Work task: Below are entries; output exactly the lines from the one with "real \<times> real)" to the one with "proof (intro conjI ballI allI)", both included, and nothing else.

[Saved data entries]

────

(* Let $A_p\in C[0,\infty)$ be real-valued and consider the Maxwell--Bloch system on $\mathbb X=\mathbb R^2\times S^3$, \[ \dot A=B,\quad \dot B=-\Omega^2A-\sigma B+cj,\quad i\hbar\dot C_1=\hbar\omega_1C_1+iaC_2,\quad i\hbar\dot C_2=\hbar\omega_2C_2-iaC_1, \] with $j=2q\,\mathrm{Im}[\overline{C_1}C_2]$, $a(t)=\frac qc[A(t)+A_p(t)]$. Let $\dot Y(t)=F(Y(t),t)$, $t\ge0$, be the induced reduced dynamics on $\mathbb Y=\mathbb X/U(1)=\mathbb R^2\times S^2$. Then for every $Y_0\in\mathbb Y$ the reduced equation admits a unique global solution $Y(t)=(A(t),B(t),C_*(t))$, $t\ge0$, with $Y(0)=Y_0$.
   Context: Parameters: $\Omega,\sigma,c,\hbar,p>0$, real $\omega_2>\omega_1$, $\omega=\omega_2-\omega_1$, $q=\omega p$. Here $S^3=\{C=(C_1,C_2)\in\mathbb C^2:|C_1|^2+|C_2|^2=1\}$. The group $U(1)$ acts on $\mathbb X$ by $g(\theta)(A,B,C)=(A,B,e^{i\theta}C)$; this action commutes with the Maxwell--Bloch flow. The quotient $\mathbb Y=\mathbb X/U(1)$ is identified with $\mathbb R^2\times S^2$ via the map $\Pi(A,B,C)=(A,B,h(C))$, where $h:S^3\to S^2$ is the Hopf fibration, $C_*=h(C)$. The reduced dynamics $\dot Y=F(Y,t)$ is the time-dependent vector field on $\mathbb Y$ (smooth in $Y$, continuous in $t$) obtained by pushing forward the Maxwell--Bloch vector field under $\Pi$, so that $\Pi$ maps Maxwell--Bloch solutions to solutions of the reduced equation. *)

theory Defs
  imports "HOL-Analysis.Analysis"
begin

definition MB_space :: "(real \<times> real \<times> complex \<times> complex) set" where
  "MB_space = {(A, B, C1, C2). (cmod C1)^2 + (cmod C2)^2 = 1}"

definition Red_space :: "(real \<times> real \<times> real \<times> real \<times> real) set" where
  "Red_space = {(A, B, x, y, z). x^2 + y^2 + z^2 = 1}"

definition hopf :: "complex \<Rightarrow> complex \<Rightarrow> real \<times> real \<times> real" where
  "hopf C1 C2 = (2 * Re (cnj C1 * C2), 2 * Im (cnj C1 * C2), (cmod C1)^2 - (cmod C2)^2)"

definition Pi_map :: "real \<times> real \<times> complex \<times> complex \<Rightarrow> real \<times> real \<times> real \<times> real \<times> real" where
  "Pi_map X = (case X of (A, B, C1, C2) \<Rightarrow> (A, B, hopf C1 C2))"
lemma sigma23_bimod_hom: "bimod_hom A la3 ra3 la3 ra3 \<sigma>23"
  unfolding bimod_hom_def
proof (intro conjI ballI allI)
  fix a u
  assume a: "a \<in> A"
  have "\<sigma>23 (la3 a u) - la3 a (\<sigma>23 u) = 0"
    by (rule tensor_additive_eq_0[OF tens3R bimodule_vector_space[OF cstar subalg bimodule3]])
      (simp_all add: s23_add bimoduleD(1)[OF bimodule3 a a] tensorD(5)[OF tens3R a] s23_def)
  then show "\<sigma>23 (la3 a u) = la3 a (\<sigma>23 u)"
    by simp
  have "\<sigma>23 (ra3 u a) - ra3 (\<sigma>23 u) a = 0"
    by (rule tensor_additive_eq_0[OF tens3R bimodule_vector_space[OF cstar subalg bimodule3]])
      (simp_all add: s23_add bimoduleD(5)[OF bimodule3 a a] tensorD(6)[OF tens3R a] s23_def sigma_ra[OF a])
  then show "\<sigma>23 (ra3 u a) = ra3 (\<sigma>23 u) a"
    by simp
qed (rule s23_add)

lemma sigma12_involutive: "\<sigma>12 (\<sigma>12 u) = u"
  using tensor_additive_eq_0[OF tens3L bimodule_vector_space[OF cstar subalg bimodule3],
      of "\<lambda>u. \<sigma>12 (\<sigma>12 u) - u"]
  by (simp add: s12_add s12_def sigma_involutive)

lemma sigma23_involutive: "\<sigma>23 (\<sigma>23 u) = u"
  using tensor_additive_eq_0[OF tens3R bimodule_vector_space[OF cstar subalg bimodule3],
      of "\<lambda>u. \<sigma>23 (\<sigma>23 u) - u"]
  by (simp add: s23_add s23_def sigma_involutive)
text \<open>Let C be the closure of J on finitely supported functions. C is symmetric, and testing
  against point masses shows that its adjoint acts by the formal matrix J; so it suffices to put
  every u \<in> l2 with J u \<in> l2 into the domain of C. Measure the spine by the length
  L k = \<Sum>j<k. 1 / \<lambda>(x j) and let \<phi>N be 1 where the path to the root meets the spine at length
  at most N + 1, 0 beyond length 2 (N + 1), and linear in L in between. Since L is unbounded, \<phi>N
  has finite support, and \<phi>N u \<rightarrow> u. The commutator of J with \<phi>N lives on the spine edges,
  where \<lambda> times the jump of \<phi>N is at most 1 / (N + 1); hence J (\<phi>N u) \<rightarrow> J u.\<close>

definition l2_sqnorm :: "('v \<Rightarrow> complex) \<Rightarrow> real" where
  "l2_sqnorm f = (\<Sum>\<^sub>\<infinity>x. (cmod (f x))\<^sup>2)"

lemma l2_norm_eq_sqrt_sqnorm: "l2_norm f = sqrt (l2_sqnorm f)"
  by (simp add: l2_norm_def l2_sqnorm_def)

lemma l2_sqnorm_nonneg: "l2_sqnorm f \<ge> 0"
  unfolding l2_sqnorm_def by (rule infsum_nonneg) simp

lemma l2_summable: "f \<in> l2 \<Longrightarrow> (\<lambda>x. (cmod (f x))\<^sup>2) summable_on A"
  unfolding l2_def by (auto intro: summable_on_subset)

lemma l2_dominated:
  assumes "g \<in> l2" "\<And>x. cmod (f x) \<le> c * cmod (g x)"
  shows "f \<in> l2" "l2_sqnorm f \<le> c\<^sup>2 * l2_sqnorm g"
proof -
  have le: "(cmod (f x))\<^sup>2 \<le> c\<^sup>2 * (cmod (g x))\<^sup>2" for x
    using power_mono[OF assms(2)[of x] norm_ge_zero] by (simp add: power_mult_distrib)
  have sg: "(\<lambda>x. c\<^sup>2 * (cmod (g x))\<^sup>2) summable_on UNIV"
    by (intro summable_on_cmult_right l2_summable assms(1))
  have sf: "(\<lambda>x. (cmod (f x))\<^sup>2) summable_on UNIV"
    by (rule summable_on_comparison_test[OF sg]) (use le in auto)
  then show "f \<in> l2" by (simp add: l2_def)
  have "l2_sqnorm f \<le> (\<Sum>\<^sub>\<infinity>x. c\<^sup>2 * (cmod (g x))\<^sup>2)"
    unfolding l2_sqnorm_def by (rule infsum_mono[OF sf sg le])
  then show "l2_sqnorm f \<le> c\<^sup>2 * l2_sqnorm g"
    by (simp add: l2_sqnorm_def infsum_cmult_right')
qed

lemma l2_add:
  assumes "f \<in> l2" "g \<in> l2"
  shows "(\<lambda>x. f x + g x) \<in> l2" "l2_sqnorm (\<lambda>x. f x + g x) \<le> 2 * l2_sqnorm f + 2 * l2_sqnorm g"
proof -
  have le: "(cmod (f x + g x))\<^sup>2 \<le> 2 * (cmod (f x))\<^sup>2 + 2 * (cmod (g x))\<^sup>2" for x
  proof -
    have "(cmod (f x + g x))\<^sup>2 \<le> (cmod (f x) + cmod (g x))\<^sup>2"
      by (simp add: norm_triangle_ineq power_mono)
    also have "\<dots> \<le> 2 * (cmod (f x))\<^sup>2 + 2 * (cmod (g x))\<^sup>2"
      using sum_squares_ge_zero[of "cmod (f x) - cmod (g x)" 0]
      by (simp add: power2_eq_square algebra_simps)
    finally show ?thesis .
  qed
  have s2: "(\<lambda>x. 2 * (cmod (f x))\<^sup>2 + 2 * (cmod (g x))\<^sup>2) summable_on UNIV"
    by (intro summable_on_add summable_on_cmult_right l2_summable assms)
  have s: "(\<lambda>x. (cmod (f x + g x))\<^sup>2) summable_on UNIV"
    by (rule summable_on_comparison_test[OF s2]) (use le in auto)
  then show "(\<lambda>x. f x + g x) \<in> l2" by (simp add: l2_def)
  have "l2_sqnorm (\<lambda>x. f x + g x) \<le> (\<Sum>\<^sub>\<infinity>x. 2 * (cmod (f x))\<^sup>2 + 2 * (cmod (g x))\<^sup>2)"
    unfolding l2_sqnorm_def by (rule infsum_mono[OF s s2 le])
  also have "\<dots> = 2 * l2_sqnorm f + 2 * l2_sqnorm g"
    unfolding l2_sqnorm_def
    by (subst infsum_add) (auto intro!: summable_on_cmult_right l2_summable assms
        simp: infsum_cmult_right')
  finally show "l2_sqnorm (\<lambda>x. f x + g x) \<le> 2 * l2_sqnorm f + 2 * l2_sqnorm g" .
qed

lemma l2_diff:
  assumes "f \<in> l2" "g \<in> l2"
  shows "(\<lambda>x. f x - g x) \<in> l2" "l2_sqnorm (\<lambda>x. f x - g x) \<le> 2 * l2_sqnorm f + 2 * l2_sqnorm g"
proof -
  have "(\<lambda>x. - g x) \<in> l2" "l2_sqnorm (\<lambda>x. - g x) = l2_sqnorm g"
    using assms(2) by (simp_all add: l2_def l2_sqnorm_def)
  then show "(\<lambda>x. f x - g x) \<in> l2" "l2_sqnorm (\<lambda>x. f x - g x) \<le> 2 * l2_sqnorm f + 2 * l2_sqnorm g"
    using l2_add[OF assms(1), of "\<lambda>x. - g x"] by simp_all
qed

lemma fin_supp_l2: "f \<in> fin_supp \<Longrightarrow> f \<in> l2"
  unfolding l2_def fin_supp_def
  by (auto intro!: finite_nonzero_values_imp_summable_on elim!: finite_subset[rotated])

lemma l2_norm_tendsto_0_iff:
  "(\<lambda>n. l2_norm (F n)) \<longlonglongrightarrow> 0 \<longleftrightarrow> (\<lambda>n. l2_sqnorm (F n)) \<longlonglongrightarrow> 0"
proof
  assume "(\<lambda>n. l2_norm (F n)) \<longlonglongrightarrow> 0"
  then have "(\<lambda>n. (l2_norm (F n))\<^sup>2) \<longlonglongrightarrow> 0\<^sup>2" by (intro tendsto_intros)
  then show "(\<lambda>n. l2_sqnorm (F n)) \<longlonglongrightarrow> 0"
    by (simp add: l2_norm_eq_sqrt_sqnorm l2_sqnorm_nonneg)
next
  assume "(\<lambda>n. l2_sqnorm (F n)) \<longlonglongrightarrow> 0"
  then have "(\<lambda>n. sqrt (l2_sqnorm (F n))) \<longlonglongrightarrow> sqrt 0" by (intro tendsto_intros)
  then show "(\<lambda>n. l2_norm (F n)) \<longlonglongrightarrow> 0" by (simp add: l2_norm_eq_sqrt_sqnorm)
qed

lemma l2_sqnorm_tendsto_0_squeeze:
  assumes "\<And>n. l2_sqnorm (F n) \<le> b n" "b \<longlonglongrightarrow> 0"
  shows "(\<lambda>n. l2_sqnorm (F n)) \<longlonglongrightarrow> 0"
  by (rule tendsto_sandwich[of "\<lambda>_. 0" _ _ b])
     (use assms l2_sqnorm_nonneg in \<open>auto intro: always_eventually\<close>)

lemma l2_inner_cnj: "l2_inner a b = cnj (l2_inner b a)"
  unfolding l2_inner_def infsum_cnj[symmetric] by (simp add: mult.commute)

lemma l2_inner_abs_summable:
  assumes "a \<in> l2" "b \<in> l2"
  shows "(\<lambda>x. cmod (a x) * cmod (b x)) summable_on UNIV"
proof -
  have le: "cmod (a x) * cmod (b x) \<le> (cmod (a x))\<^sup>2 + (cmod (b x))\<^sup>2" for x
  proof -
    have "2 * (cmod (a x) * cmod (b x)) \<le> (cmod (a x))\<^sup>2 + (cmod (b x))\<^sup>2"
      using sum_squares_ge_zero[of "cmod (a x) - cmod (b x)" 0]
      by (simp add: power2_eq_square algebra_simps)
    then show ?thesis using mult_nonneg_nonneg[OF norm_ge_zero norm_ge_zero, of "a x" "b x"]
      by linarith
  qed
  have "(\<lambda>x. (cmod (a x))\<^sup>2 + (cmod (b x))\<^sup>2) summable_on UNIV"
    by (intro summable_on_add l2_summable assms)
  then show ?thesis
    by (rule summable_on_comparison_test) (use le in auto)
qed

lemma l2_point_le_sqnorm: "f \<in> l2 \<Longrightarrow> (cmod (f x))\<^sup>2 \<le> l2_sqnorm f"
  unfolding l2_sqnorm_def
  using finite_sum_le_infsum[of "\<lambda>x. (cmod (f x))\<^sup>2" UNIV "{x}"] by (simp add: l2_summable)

────

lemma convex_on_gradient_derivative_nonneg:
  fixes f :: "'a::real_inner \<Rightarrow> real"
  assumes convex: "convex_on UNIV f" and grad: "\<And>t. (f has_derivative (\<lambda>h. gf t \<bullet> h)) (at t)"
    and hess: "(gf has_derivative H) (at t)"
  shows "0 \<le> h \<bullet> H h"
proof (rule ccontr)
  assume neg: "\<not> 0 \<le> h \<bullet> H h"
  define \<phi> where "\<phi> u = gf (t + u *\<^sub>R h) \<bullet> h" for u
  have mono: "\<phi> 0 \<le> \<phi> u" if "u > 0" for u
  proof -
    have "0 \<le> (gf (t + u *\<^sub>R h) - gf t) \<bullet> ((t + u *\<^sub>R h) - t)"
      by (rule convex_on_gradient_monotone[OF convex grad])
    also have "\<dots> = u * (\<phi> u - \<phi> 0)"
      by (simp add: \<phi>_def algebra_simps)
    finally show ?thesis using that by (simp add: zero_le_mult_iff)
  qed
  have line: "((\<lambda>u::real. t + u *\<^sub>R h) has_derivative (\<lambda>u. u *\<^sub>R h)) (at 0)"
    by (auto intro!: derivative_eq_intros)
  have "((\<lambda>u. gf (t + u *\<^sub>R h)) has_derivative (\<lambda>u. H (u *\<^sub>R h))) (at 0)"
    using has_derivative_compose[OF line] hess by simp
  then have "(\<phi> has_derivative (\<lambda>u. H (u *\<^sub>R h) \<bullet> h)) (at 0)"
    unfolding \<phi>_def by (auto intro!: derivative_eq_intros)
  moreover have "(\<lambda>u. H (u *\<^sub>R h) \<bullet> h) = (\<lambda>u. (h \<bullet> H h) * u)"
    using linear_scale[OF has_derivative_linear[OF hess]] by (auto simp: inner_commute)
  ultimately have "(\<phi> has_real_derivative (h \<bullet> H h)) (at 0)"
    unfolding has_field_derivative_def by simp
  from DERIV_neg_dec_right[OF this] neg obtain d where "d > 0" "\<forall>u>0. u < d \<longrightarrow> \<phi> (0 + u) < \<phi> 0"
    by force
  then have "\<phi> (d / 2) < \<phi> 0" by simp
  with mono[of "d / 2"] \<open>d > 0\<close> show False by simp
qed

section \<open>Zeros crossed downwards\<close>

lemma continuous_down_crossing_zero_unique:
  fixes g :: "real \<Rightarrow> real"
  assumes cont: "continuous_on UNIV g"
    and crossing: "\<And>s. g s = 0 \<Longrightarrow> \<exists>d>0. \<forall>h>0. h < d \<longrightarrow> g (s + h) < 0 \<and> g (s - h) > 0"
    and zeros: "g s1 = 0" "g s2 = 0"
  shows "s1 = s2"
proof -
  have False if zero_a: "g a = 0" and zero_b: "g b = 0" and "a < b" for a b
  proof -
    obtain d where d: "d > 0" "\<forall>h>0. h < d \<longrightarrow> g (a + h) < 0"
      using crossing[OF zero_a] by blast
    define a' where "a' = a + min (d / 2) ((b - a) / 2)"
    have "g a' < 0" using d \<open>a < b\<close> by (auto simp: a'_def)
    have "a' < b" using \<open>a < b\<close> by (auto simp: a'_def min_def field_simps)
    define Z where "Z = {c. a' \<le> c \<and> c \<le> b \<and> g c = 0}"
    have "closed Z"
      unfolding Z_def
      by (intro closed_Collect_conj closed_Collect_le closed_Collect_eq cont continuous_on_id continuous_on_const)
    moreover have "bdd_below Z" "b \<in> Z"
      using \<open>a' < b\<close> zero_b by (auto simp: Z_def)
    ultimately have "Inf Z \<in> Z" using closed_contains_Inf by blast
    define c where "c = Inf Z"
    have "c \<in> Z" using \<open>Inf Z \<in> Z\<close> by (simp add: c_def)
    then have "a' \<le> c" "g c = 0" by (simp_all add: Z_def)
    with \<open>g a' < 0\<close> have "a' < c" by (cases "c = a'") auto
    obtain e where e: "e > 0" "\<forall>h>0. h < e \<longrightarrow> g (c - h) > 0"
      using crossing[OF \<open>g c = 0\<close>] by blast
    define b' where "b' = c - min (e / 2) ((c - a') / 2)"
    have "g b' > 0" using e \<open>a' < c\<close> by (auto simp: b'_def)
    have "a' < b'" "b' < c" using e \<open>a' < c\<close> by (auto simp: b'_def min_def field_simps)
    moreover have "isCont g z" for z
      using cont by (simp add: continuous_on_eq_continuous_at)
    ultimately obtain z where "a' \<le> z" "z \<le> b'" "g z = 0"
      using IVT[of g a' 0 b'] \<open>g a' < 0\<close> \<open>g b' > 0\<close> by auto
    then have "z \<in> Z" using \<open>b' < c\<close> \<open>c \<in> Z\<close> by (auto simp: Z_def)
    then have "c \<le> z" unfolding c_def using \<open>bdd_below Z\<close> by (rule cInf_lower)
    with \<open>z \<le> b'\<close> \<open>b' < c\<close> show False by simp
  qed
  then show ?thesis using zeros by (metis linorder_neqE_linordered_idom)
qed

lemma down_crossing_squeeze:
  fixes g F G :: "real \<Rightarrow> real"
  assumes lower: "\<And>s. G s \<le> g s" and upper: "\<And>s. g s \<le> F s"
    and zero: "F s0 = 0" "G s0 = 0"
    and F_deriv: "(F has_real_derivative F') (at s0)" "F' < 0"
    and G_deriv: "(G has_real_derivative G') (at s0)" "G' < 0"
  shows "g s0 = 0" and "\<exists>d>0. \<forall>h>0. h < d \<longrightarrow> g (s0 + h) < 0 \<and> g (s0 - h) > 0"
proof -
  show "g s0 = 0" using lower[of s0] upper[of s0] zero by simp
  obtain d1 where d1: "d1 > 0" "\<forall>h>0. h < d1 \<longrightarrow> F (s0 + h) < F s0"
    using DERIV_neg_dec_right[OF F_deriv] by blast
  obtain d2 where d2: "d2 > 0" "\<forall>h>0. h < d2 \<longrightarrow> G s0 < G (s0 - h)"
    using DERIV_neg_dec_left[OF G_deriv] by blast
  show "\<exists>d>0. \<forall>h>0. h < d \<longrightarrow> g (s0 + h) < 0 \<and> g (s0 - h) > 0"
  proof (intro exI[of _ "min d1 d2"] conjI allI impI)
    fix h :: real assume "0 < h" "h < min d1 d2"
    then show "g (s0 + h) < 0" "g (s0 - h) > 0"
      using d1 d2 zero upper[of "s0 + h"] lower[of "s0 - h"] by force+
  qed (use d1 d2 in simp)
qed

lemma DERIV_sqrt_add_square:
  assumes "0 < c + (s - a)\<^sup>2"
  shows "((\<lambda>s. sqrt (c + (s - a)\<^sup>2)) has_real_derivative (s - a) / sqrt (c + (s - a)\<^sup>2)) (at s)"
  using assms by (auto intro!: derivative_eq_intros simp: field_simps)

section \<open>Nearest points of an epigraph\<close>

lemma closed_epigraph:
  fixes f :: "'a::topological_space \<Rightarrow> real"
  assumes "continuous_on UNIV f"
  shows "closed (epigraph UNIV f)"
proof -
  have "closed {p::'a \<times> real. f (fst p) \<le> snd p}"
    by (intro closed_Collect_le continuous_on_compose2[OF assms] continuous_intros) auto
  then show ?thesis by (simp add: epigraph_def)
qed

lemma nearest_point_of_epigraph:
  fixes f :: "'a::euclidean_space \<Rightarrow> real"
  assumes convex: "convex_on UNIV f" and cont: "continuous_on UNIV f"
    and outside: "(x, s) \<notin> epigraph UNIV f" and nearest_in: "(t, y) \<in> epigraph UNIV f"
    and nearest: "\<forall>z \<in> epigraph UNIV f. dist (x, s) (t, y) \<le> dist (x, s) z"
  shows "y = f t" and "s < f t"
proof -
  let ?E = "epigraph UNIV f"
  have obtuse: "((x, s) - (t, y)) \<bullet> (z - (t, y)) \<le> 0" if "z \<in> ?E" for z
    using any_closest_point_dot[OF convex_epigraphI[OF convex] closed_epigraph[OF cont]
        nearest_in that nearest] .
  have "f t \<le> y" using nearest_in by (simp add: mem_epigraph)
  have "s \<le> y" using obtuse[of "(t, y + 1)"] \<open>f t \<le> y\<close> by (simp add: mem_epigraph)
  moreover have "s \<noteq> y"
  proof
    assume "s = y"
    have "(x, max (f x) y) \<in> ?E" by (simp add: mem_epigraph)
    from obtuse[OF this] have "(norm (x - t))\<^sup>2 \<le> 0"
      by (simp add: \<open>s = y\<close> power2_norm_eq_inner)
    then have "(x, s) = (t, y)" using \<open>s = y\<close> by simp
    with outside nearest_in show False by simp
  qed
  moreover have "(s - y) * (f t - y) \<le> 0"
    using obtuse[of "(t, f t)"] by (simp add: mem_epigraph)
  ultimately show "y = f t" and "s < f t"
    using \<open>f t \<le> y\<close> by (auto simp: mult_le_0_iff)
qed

────

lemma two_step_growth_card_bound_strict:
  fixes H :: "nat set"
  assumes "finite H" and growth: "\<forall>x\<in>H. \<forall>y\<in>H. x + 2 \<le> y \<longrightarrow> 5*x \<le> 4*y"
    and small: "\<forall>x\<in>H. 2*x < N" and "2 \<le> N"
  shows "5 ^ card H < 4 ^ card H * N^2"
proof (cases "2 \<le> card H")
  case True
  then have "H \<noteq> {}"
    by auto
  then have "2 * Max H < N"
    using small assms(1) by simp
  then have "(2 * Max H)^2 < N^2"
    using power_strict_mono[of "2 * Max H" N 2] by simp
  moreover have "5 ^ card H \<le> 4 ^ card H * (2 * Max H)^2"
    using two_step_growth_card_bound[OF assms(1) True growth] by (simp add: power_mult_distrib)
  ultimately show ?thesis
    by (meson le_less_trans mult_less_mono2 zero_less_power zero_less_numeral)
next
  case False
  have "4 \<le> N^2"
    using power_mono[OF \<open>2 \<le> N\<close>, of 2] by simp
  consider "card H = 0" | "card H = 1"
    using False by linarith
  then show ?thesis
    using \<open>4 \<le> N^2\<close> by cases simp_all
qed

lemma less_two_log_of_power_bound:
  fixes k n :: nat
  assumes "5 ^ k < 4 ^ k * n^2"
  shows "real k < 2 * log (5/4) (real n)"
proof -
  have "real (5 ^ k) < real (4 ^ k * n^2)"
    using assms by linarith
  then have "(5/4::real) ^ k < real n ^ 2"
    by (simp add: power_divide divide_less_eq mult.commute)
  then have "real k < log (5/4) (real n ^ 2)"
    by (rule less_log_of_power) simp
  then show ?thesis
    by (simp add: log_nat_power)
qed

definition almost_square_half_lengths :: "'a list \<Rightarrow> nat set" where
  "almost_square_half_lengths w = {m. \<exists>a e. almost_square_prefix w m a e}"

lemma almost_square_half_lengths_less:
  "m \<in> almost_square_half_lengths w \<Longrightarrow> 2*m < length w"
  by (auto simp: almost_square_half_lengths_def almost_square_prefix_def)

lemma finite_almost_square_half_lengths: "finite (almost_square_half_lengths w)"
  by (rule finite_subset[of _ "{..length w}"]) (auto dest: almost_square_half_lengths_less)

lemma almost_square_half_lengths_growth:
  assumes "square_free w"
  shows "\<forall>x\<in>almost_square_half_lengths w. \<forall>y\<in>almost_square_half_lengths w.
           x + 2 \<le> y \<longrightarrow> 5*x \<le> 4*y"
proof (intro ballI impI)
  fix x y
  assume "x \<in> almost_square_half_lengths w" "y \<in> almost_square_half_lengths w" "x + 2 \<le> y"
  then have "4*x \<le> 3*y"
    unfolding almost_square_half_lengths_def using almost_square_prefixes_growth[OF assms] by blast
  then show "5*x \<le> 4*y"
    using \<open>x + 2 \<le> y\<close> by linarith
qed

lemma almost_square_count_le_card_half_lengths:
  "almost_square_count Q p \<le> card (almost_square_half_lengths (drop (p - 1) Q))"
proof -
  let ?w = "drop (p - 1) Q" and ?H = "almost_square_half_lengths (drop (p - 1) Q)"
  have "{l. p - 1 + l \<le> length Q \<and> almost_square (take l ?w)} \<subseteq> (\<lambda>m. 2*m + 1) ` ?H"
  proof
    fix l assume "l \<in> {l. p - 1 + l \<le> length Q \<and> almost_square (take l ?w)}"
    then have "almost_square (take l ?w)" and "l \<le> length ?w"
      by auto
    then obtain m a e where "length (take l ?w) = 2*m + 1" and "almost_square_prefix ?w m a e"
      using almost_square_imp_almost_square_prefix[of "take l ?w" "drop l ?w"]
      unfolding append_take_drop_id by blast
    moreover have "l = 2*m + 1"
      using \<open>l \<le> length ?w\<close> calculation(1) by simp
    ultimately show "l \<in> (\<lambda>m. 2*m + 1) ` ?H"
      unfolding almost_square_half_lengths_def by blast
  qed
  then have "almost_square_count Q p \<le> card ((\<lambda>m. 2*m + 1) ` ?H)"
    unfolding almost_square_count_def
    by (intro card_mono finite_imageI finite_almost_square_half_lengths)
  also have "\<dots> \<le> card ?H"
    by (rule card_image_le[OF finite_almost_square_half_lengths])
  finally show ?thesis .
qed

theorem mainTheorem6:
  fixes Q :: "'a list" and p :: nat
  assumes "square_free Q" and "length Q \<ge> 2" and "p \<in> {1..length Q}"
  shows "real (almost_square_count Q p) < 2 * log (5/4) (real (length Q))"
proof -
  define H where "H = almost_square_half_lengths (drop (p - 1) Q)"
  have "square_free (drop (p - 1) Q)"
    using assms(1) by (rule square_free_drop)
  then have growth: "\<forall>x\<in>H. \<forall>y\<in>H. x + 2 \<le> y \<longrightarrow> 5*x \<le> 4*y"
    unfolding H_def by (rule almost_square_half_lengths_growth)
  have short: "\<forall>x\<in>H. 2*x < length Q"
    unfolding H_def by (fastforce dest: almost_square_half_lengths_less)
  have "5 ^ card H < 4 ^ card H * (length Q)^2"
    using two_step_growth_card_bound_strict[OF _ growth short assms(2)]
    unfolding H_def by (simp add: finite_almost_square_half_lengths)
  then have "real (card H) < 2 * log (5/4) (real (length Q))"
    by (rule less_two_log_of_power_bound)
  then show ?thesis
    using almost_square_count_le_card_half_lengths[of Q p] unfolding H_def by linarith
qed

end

────

Reply:
definition Red_space :: "(real \<times> real \<times> real \<times> real \<times> real) set" where
  "Red_space = {(A, B, x, y, z). x^2 + y^2 + z^2 = 1}"

definition hopf :: "complex \<Rightarrow> complex \<Rightarrow> real \<times> real \<times> real" where
  "hopf C1 C2 = (2 * Re (cnj C1 * C2), 2 * Im (cnj C1 * C2), (cmod C1)^2 - (cmod C2)^2)"

definition Pi_map :: "real \<times> real \<times> complex \<times> complex \<Rightarrow> real \<times> real \<times> real \<times> real \<times> real" where
  "Pi_map X = (case X of (A, B, C1, C2) \<Rightarrow> (A, B, hopf C1 C2))"
lemma sigma23_bimod_hom: "bimod_hom A la3 ra3 la3 ra3 \<sigma>23"
  unfolding bimod_hom_def
proof (intro conjI ballI allI)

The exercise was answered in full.